Action item: Word for word, print all of the entries below.
[[ Data records open ]]
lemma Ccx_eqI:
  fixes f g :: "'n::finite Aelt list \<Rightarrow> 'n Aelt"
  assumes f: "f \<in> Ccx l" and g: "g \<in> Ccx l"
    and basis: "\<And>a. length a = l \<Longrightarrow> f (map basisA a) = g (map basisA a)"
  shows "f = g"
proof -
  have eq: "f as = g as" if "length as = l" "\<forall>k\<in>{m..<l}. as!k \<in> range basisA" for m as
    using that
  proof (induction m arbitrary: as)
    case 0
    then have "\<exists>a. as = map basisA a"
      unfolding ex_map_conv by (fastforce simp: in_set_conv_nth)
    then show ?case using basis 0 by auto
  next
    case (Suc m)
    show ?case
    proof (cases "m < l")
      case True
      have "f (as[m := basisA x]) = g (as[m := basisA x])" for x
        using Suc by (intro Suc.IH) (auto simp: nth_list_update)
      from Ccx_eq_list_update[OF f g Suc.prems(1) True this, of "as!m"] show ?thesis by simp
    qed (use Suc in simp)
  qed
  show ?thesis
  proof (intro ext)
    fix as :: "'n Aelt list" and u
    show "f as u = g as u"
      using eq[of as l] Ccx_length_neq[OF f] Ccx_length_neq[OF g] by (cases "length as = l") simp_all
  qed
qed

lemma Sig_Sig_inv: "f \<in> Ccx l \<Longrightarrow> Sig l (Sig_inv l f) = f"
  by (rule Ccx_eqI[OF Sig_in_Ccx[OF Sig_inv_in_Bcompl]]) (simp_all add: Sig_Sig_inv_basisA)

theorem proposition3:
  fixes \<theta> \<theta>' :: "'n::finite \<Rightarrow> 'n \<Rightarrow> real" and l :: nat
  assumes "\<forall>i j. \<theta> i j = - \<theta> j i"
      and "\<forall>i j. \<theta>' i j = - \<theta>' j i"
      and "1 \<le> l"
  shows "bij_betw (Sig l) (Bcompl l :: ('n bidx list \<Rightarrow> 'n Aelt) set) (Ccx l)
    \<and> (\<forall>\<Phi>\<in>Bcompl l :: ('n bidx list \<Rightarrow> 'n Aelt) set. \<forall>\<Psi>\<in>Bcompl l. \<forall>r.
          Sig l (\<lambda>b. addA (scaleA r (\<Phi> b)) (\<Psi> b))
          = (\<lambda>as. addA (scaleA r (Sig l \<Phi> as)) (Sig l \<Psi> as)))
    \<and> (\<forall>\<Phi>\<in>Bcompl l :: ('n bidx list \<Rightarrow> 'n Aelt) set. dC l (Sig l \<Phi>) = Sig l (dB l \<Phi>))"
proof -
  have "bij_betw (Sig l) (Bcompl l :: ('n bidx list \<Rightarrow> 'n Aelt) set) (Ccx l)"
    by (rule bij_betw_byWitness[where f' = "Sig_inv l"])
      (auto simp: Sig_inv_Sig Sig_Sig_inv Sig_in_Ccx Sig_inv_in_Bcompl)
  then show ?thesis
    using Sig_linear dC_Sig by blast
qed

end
[[ Data records closed ]]
Written solution:
lemma Ccx_eqI:
  fixes f g :: "'n::finite Aelt list \<Rightarrow> 'n Aelt"
  assumes f: "f \<in> Ccx l" and g: "g \<in> Ccx l"
    and basis: "\<And>a. length a = l \<Longrightarrow> f (map basisA a) = g (map basisA a)"
  shows "f = g"
proof -
  have eq: "f as = g as" if "length as = l" "\<forall>k\<in>{m..<l}. as!k \<in> range basisA" for m as
    using that
  proof (induction m arbitrary: as)
    case 0
    then have "\<exists>a. as = map basisA a"
      unfolding ex_map_conv by (fastforce simp: in_set_conv_nth)
    then show ?case using basis 0 by auto
  next
    case (Suc m)
    show ?case
    proof (cases "m < l")
      case True
      have "f (as[m := basisA x]) = g (as[m := basisA x])" for x
        using Suc by (intro Suc.IH) (auto simp: nth_list_update)
      from Ccx_eq_list_update[OF f g Suc.prems(1) True this, of "as!m"] show ?thesis by simp
    qed (use Suc in simp)
  qed
  show ?thesis
  proof (intro ext)
    fix as :: "'n Aelt list" and u
    show "f as u = g as u"
      using eq[of as l] Ccx_length_neq[OF f] Ccx_length_neq[OF g] by (cases "length as = l") simp_all
  qed
qed

lemma Sig_Sig_inv: "f \<in> Ccx l \<Longrightarrow> Sig l (Sig_inv l f) = f"
  by (rule Ccx_eqI[OF Sig_in_Ccx[OF Sig_inv_in_Bcompl]]) (simp_all add: Sig_Sig_inv_basisA)

theorem proposition3:
  fixes \<theta> \<theta>' :: "'n::finite \<Rightarrow> 'n \<Rightarrow> real" and l :: nat
  assumes "\<forall>i j. \<theta> i j = - \<theta> j i"
      and "\<forall>i j. \<theta>' i j = - \<theta>' j i"
      and "1 \<le> l"
  shows "bij_betw (Sig l) (Bcompl l :: ('n bidx list \<Rightarrow> 'n Aelt) set) (Ccx l)
    \<and> (\<forall>\<Phi>\<in>Bcompl l :: ('n bidx list \<Rightarrow> 'n Aelt) set. \<forall>\<Psi>\<in>Bcompl l. \<forall>r.
          Sig l (\<lambda>b. addA (scaleA r (\<Phi> b)) (\<Psi> b))
          = (\<lambda>as. addA (scaleA r (Sig l \<Phi> as)) (Sig l \<Psi> as)))
    \<and> (\<forall>\<Phi>\<in>Bcompl l :: ('n bidx list \<Rightarrow> 'n Aelt) set. dC l (Sig l \<Phi>) = Sig l (dB l \<Phi>))"
proof -
  have "bij_betw (Sig l) (Bcompl l :: ('n bidx list \<Rightarrow> 'n Aelt) set) (Ccx l)"
    by (rule bij_betw_byWitness[where f' = "Sig_inv l"])
      (auto simp: Sig_inv_Sig Sig_Sig_inv Sig_in_Ccx Sig_inv_in_Bcompl)
  then show ?thesis
    using Sig_linear dC_Sig by blast
qed

end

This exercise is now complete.